[ACTIVITY]: Whenever "exists" appears in a line, please copy that line from the data.

#### STORED DATA ####

(* Let ${\mathcal A}^0$ be a central generic arrangement of $n$ hyperplanes in $\mathbb{C}^k$ and let $\mathbb{T}=\{L_1,\dots,L_r\}$ be an $r$-set with $\bigcup_{i=1}^r L_i=[n]$. Let ${\mathcal A}^{t_1},\dots,{\mathcal A}^{t_d}$ be $K_{\mathbb{T}}$-translated arrangements of ${\mathcal A}^0$ and fix $i_0\in[r]$. Then $t_1,\dots,t_d$ are linearly independent in the quotient space $\mathbb{C}^n/C$, where $C=\{t\in\mathbb{C}^n\mid {\mathcal A}^t\text{ is a central arrangement}\}$, if and only if the associated $K_{\mathbb{T}}$-vector sets $\{v^{t_h}_{i_0,j}\}_{j\neq i_0}$, $h=1,\dots,d$, are weakly linearly independent.
   Context: A central arrangement ${\mathcal A}^0=\{H_1^0,\dots,H_n^0\}$ of linear hyperplanes in $\mathbb{C}^k$ ($k<n$) is called central generic if any $m\le k$ of its hyperplanes intersect in codimension $m$. Let $\alpha_i$ be a normal vector of $H_i^0$. For $t=(x_1,\dots,x_n)\in\mathbb{C}^n$, the translate ${\mathcal A}^t=\{H_1^{x_1},\dots,H_n^{x_n}\}$ has $H_i^{x_i}=H_i^0+\alpha_i x_i$; a translate is central if all its hyperplanes share a common point. An $r$-set is a set $\mathbb{T}=\{L_1,\dots,L_r\}$ of subsets $L_i\subset[n]=\{1,\dots,n\}$, $|L_i|=k+1$, such that $\bigcup_{i=1}^r L_i=\bigcup_{i\in I}L_i$ for every $I\subset[r]$ with $|I|=r-1$, and $L_i\cap L_j\neq\emptyset$ for all $i\ne j$. A translate ${\mathcal A}^t$ is $K_{\mathbb{T}}$-translated if for every $L_i\in\mathbb{T}$ the set $P_i^t=\bigcap_{p\in L_i}H_p^{x_p}$ is nonempty (hence a point) and is the intersection of exactly the $k+1$ hyperplanes indexed by $L_i$. For such ${\mathcal A}^t$ and fixed $i_0\in[r]$, its $K_{\mathbb{T}}$-vector set is the family $\{v^t_{i_0,j}\}_{j\in[r],j\neq i_0}$ of vectors in $\mathbb{C}^k$ with $P^t_{i_0}+v^t_{i_0,j}=P^t_j$. $K_{\mathbb{T}}$-vector sets $\{v^{t_h}_{i_0,j}\}_{j\ne i_0}$, $h=1,\dots,d$, are weakly linearly independent if $\sum_{h=1}^d a_h v^{t_h}_{i_0,j}=0$ for all $j\ne i_0$ (with $a_h\in\mathbb{C}$) implies $a_1=\dots=a_d=0$. *)

theory Defs
  imports "HOL-Analysis.Analysis"
begin

text \<open>Hyperplanes in C^k are modelled in complex^'k (k = CARD('k)); the n hyperplanes
  of the arrangement are indexed by the finite type 'n (n = CARD('n), [n] = UNIV).
  alpha i is the normal vector of H_i^0 (Hermitian orthogonal complement).\<close>

definition cinner_vec :: "complex^'k \<Rightarrow> complex^'k \<Rightarrow> complex" where
  "cinner_vec p q = (\<Sum>j\<in>UNIV. p $ j * cnj (q $ j))"

definition hyp0 :: "('n \<Rightarrow> complex^'k) \<Rightarrow> 'n \<Rightarrow> (complex^'k) set" where
  "hyp0 \<alpha> i = {p. cinner_vec p (\<alpha> i) = 0}"

definition hypt :: "('n \<Rightarrow> complex^'k) \<Rightarrow> 'n \<Rightarrow> complex \<Rightarrow> (complex^'k) set" where
  "hypt \<alpha> i x = (\<lambda>h. h + x *s \<alpha> i) ` hyp0 \<alpha> i"

definition central_generic :: "('n \<Rightarrow> complex^'k) \<Rightarrow> bool" where
  "central_generic \<alpha> \<longleftrightarrow> CARD('k) < CARD('n) \<and>
     (\<forall>S::'n set. card S \<le> CARD('k) \<longrightarrow>
        CARD('k) - vec.dim (\<Inter>i\<in>S. hyp0 \<alpha> i) = card S)"

definition central_translate :: "('n \<Rightarrow> complex^'k) \<Rightarrow> complex^'n \<Rightarrow> bool" where
  "central_translate \<alpha> t \<longleftrightarrow> (\<Inter>i\<in>UNIV. hypt \<alpha> i (t $ i)) \<noteq> {}"

definition central_set :: "('n \<Rightarrow> complex^'k) \<Rightarrow> (complex^'n) set" where
  "central_set \<alpha> = {t. central_translate \<alpha> t}"

text \<open>r-set T = {L_1,...,L_r}, given as L indexed by [r] = {1..r}.\<close>
definition r_set :: "nat \<Rightarrow> (nat \<Rightarrow> 'n set) \<Rightarrow> nat \<Rightarrow> bool" where
  "r_set k L r \<longleftrightarrow> inj_on L {1..r} \<and>
     (\<forall>i\<in>{1..r}. card (L i) = k + 1) \<and>
     (\<forall>I\<subseteq>{1..r}. card I = r - 1 \<longrightarrow> (\<Union>i\<in>I. L i) = (\<Union>i\<in>{1..r}. L i)) \<and>
     (\<forall>i\<in>{1..r}. \<forall>j\<in>{1..r}. i \<noteq> j \<longrightarrow> L i \<inter> L j \<noteq> {})"

definition Pset :: "('n \<Rightarrow> complex^'k) \<Rightarrow> complex^'n \<Rightarrow> 'n set \<Rightarrow> (complex^'k) set" where
  "Pset \<alpha> t Li = (\<Inter>p\<in>Li. hypt \<alpha> p (t $ p))"

definition KT_translated :: "('n \<Rightarrow> complex^'k) \<Rightarrow> (nat \<Rightarrow> 'n set) \<Rightarrow> nat \<Rightarrow> complex^'n \<Rightarrow> bool" where
  "KT_translated \<alpha> L r t \<longleftrightarrow> (\<forall>i\<in>{1..r}.
      (\<exists>P. Pset \<alpha> t (L i) = {P}) \<and>
      (\<forall>q. q \<notin> L i \<longrightarrow> Pset \<alpha> t (L i) \<inter> hypt \<alpha> q (t $ q) = {}))"

definition Ppoint :: "('n \<Rightarrow> complex^'k) \<Rightarrow> complex^'n \<Rightarrow> 'n set \<Rightarrow> complex^'k" where
  "Ppoint \<alpha> t Li = (THE P. P \<in> Pset \<alpha> t Li)"

definition KT_vec :: "('n \<Rightarrow> complex^'k) \<Rightarrow> (nat \<Rightarrow> 'n set) \<Rightarrow> complex^'n \<Rightarrow> nat \<Rightarrow> nat \<Rightarrow> complex^'k" where
  "KT_vec \<alpha> L t i0 j = Ppoint \<alpha> t (L j) - Ppoint \<alpha> t (L i0)"

definition weakly_lin_indep ::
  "('n \<Rightarrow> complex^'k) \<Rightarrow> (nat \<Rightarrow> 'n set) \<Rightarrow> nat \<Rightarrow> nat \<Rightarrow> (nat \<Rightarrow> complex^'n) \<Rightarrow> nat \<Rightarrow> bool" where
  "weakly_lin_indep \<alpha> L r i0 ts d \<longleftrightarrow>
     (\<forall>a::nat \<Rightarrow> complex.
        (\<forall>j\<in>{1..r}. j \<noteq> i0 \<longrightarrow> (\<Sum>h\<in>{1..d}. a h *s KT_vec \<alpha> L (ts h) i0 j) = 0)
        \<longrightarrow> (\<forall>h\<in>{1..d}. a h = 0))"

text \<open>Linear independence of the classes of ts 1, ..., ts d in the quotient C^n / S,
  S a subspace: a nontrivial combination never lies in S.\<close>
definition lin_indep_mod :: "(complex^'n) set \<Rightarrow> (nat \<Rightarrow> complex^'n) \<Rightarrow> nat \<Rightarrow> bool" where
  "lin_indep_mod S ts d \<longleftrightarrow>
     (\<forall>a::nat \<Rightarrow> complex. (\<Sum>h\<in>{1..d}. a h *s ts h) \<in> S \<longrightarrow> (\<forall>h\<in>{1..d}. a h = 0))"

end

theory Submission
  imports Defs
begin

text \<open>Write c_q for the squared norm of the normal alpha_q. A point lies on H_q^{x} iff its
  inner product with alpha_q is x c_q, so everything is linear in the translation vector.
  Hence for a combination s = sum a_h t_h the combined points Q_i = sum a_h P_i^{t_h} satisfy
  the equations of the hyperplanes H_q^{s_q}, q in L_i. If all Q_i coincide, this common
  point lies on every H_q^{s_q}, because the L_i cover [n], so s is central. Conversely, if
  p is a common point of A^s, then Q_i - p is orthogonal to the k + 1 normals indexed by L_i,
  and genericity forces Q_i = p. So s is central exactly when all differences
  Q_j - Q_{i0} = sum a_h v^{t_h}_{i0,j} vanish, which is the claimed equivalence.\<close>

lemma cinner_vec_add: "cinner_vec (p + q) a = cinner_vec p a + cinner_vec q a"
  unfolding cinner_vec_def by (simp add: distrib_right sum.distrib)

lemma cinner_vec_diff: "cinner_vec (p - q) a = cinner_vec p a - cinner_vec q a"
  unfolding cinner_vec_def by (simp add: left_diff_distrib sum_subtractf)

lemma cinner_vec_scale: "cinner_vec (c *s p) a = c * cinner_vec p a"
  unfolding cinner_vec_def by (simp add: sum_distrib_left mult.assoc)

lemma cinner_vec_sum: "cinner_vec (sum f H) a = (\<Sum>h\<in>H. cinner_vec (f h) a)"
  unfolding cinner_vec_def by (simp add: sum_distrib_right sum.swap[of _ UNIV H])

lemma mem_hypt_iff: "p \<in> hypt \<alpha> i x \<longleftrightarrow> cinner_vec p (\<alpha> i) = x * cinner_vec (\<alpha> i) (\<alpha> i)"
proof
  assume "p \<in> hypt \<alpha> i x"
  then obtain h where "h \<in> hyp0 \<alpha> i" "p = h + x *s \<alpha> i" unfolding hypt_def by auto
  then show "cinner_vec p (\<alpha> i) = x * cinner_vec (\<alpha> i) (\<alpha> i)"
    by (simp add: hyp0_def cinner_vec_add cinner_vec_scale)
next
  assume "cinner_vec p (\<alpha> i) = x * cinner_vec (\<alpha> i) (\<alpha> i)"
  then have "p - x *s \<alpha> i \<in> hyp0 \<alpha> i" by (simp add: hyp0_def cinner_vec_diff cinner_vec_scale)
  moreover have "p = (p - x *s \<alpha> i) + x *s \<alpha> i" by simp
  ultimately show "p \<in> hypt \<alpha> i x" unfolding hypt_def by blast
qed

lemma central_set_iff:
  "t \<in> central_set \<alpha> \<longleftrightarrow> (\<exists>p. \<forall>q. cinner_vec p (\<alpha> q) = t $ q * cinner_vec (\<alpha> q) (\<alpha> q))"
proof -
  have "t \<in> central_set \<alpha> \<longleftrightarrow> (\<exists>p. \<forall>q. p \<in> hypt \<alpha> q (t $ q))"
    unfolding central_set_def central_translate_def by blast
  then show ?thesis by (simp add: mem_hypt_iff)
qed

lemma central_generic_orthogonal_eq_0:
  fixes \<alpha> :: "'n::finite \<Rightarrow> complex^'k::finite"
  assumes "central_generic \<alpha>" and "card Li \<ge> CARD('k)"
    and orth: "\<forall>q\<in>Li. cinner_vec u (\<alpha> q) = 0"
  shows "u = 0"
proof -
  obtain S where S: "S \<subseteq> Li" "card S = CARD('k)"
    using assms(2) by (meson obtain_subset_with_card_n)
  have "CARD('k) - vec.dim (\<Inter>i\<in>S. hyp0 \<alpha> i) = CARD('k)"
    using assms(1) S unfolding central_generic_def by auto
  then have "vec.dim (\<Inter>i\<in>S. hyp0 \<alpha> i) = 0"
    by (metis zero_less_card_finite diff_less less_irrefl neq0_conv)
  then have "(\<Inter>i\<in>S. hyp0 \<alpha> i) \<subseteq> {0}" using vec.dim_eq_0 by blast
  moreover have "u \<in> (\<Inter>i\<in>S. hyp0 \<alpha> i)" using orth S(1) by (auto simp: hyp0_def)
  ultimately show ?thesis by blast
qed

lemma cinner_vec_Ppoint:
  assumes "KT_translated \<alpha> L r t" "i \<in> {1..r}" "q \<in> L i"
  shows "cinner_vec (Ppoint \<alpha> t (L i)) (\<alpha> q) = t $ q * cinner_vec (\<alpha> q) (\<alpha> q)"
proof -
  obtain P where P: "Pset \<alpha> t (L i) = {P}"
    using assms(1,2) unfolding KT_translated_def by blast
  then have "Ppoint \<alpha> t (L i) = P" unfolding Ppoint_def by simp
  moreover have "P \<in> hypt \<alpha> q (t $ q)" using P assms(3) unfolding Pset_def by auto
  ultimately show ?thesis by (simp add: mem_hypt_iff)
qed

definition combined_point ::
  "('n \<Rightarrow> complex^'k) \<Rightarrow> (nat \<Rightarrow> 'n set) \<Rightarrow> (nat \<Rightarrow> complex^'n) \<Rightarrow> nat \<Rightarrow> (nat \<Rightarrow> complex) \<Rightarrow> nat
    \<Rightarrow> complex^'k" where
  "combined_point \<alpha> L ts d a i = (\<Sum>h\<in>{1..d}. a h *s Ppoint \<alpha> (ts h) (L i))"

lemma sum_scale_KT_vec:
  "(\<Sum>h\<in>{1..d}. a h *s KT_vec \<alpha> L (ts h) i0 j)
     = combined_point \<alpha> L ts d a j - combined_point \<alpha> L ts d a i0"
  by (simp add: combined_point_def KT_vec_def vector_ssub_ldistrib sum_subtractf)

lemma cinner_vec_combined_point:
  assumes "\<forall>h\<in>{1..d}. KT_translated \<alpha> L r (ts h)" "i \<in> {1..r}" "q \<in> L i"
  shows "cinner_vec (combined_point \<alpha> L ts d a i) (\<alpha> q)
           = (\<Sum>h\<in>{1..d}. a h *s ts h) $ q * cinner_vec (\<alpha> q) (\<alpha> q)"
  using assms cinner_vec_Ppoint[of \<alpha> L r _ i q]
  by (simp add: combined_point_def cinner_vec_sum cinner_vec_scale sum_distrib_right mult.assoc)

lemma combination_central_iff_combined_points_eq:
  fixes \<alpha> :: "'n::finite \<Rightarrow> complex^'k::finite"
  assumes generic: "central_generic \<alpha>"
    and card_L: "\<forall>i\<in>{1..r}. card (L i) = CARD('k) + 1"
    and cover: "(\<Union>i\<in>{1..r}. L i) = UNIV"
    and KT: "\<forall>h\<in>{1..d}. KT_translated \<alpha> L r (ts h)"
    and "i0 \<in> {1..r}"
  shows "(\<Sum>h\<in>{1..d}. a h *s ts h) \<in> central_set \<alpha>
           \<longleftrightarrow> (\<forall>j\<in>{1..r}. combined_point \<alpha> L ts d a j = combined_point \<alpha> L ts d a i0)"
    (is "?s \<in> _ \<longleftrightarrow> (\<forall>j\<in>_. ?Q j = ?Q i0)")
proof
  assume "?s \<in> central_set \<alpha>"
  then obtain p where p: "\<forall>q. cinner_vec p (\<alpha> q) = ?s $ q * cinner_vec (\<alpha> q) (\<alpha> q)"
    by (auto simp: central_set_iff)
  have "?Q i = p" if i: "i \<in> {1..r}" for i
  proof -
    have "\<forall>q\<in>L i. cinner_vec (?Q i - p) (\<alpha> q) = 0"
      using cinner_vec_combined_point[OF KT i] p by (simp add: cinner_vec_diff)
    moreover have "card (L i) \<ge> CARD('k)" using card_L i by simp
    ultimately have "?Q i - p = 0" by (rule central_generic_orthogonal_eq_0[OF generic, rotated])
    then show ?thesis by simp
  qed
  then show "\<forall>j\<in>{1..r}. ?Q j = ?Q i0" using \<open>i0 \<in> {1..r}\<close> by simp
next
  assume Q_eq: "\<forall>j\<in>{1..r}. ?Q j = ?Q i0"
  have "cinner_vec (?Q i0) (\<alpha> q) = ?s $ q * cinner_vec (\<alpha> q) (\<alpha> q)" for q
  proof -
    obtain j where j: "j \<in> {1..r}" "q \<in> L j" using cover by blast
    then show ?thesis using Q_eq cinner_vec_combined_point[OF KT j] by metis
  qed
  then show "?s \<in> central_set \<alpha>" by (auto simp: central_set_iff)
qed

theorem lemma3p1:
  fixes \<alpha> :: "'n::finite \<Rightarrow> complex^'k::finite"
    and L :: "nat \<Rightarrow> 'n set" and r :: nat
    and ts :: "nat \<Rightarrow> complex^'n" and d :: nat and i0 :: nat
  assumes "central_generic \<alpha>"
    and "r_set CARD('k) L r"
    and "(\<Union>i\<in>{1..r}. L i) = UNIV"
    and "\<forall>h\<in>{1..d}. KT_translated \<alpha> L r (ts h)"
    and "i0 \<in> {1..r}"
  shows "lin_indep_mod (central_set \<alpha>) ts d \<longleftrightarrow> weakly_lin_indep \<alpha> L r i0 ts d"
proof -
  have card_L: "\<forall>i\<in>{1..r}. card (L i) = CARD('k) + 1"
    using assms(2) unfolding r_set_def by blast
  have "(\<Sum>h\<in>{1..d}. a h *s ts h) \<in> central_set \<alpha>
          \<longleftrightarrow> (\<forall>j\<in>{1..r}. j \<noteq> i0 \<longrightarrow> (\<Sum>h\<in>{1..d}. a h *s KT_vec \<alpha> L (ts h) i0 j) = 0)"
    for a
    unfolding sum_scale_KT_vec right_minus_eq
    using combination_central_iff_combined_points_eq[OF assms(1) card_L assms(3-5)] by auto
  then show ?thesis
    unfolding lin_indep_mod_def weakly_lin_indep_def by presburger
qed

end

####

[OUTPUT FOR THIS EXERCISE]:
      (\<exists>P. Pset \<alpha> t (L i) = {P}) \<and>
  "t \<in> central_set \<alpha> \<longleftrightarrow> (\<exists>p. \<forall>q. cinner_vec p (\<alpha> q) = t $ q * cinner_vec (\<alpha> q) (\<alpha> q))"
  have "t \<in> central_set \<alpha> \<longleftrightarrow> (\<exists>p. \<forall>q. p \<in> hypt \<alpha> q (t $ q))"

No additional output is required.